I purchased this nailer are re-manufactured off of Ebay and it worked great until I hit a knot. It started leaking air from the top and the nose, then would only half drive a nail. I proceeded to tear it down, and solved the top air leak and the nose air leak, but it was leaking profusely from the trigger area and would not fire. 

I have replaced every gasket on it, and the three plastic piston parts to the trigger. Tonight, when I tested it, no air leaking until I pulled the trigger and air leaked from the side the trigger housing.

I do not believe I have any bad gaskets, and like i said, I replaced the plastic piston parts of the plunger assembly.

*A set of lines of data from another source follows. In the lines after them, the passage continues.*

lemma st_density_in_unit_interval:
  assumes "free_ultrafilter U" and "\<And>n. A n \<subseteq> Y n"
  shows "st U (\<lambda>n. real (card (A n)) / real (card (Y n))) \<in> {0..1}"
proof -
  have proper: "U \<noteq> bot" using assms(1) unfolding free_ultrafilter_def by blast
  have bounds: "eventually (\<lambda>n. 0 \<le> real (card (A n)) / real (card (Y n))) U"
    "eventually (\<lambda>n. real (card (A n)) / real (card (Y n)) \<le> 1) U"
    using density_in_unit_interval[OF assms(2)] by auto
  show ?thesis
    using tendsto_lowerbound[OF tendsto_st_density[OF assms] bounds(1) proper]
      tendsto_upperbound[OF tendsto_st_density[OF assms] bounds(2) proper] by simp
qed

lemma l_coset_image: "g <#\<^bsub>G\<^esub> X = (\<lambda>x. g \<otimes>\<^bsub>G\<^esub> x) ` X"
  unfolding l_coset_def by auto

lemma (in group) inj_on_left_mult: "g \<in> carrier G \<Longrightarrow> inj_on (\<lambda>x. g \<otimes> x) (carrier G)"
  unfolding inj_on_def by (metis Units_eq Units_l_cancel)

lemma (in group) card_l_coset: "X \<subseteq> carrier G \<Longrightarrow> g \<in> carrier G \<Longrightarrow> card (g <# X) = card X"
  unfolding l_coset_image by (metis card_image inj_on_left_mult inj_on_subset)

lemma (in group) l_coset_Int:
  "X \<subseteq> carrier G \<Longrightarrow> Y \<subseteq> carrier G \<Longrightarrow> g \<in> carrier G \<Longrightarrow> g <# (X \<inter> Y) = (g <# X) \<inter> (g <# Y)"
  unfolding l_coset_image by (rule inj_on_image_Int[OF inj_on_left_mult])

It has to be something simple, I just don't know what it is. I do not believe any parts are missing. I have gone over, and over the diagrams and just don't see any parts that I haven't used, missing. 

Any suggestions? I have attached a picture of the diagrams with the parts I have replaced in red. I am trying not to take it to a shop, as I am sure it is probably something I am doing wrong. Any help would be greatly appreciated. 

The url is the diagram to the nailer i have. 

http://www.ereplacementparts.com/hitachi-nr90ae-strip-nailer-parts-c-7927_13310_147615.html


----------



## Nato (Dec 30, 2020)

[


----------



## steves7839 (Aug 18, 2019)

I'm in the process of rebuilding one of this model. The two tiniest o-rings on the trigger valve plunger look rather wimpy and undersized for the grooves they are in. But the trigger valve looks good otherwise. If you replaced these two, it might have been easy to nick the ring or scratch the plunger. I would examine the housing for cracks and scratches on any of the o-ring seating surfaces, then replace the TV assembly in this case.

Going back in time to the initial problem that developed when the nailer hit a knot, did it bend the piston driver?


----------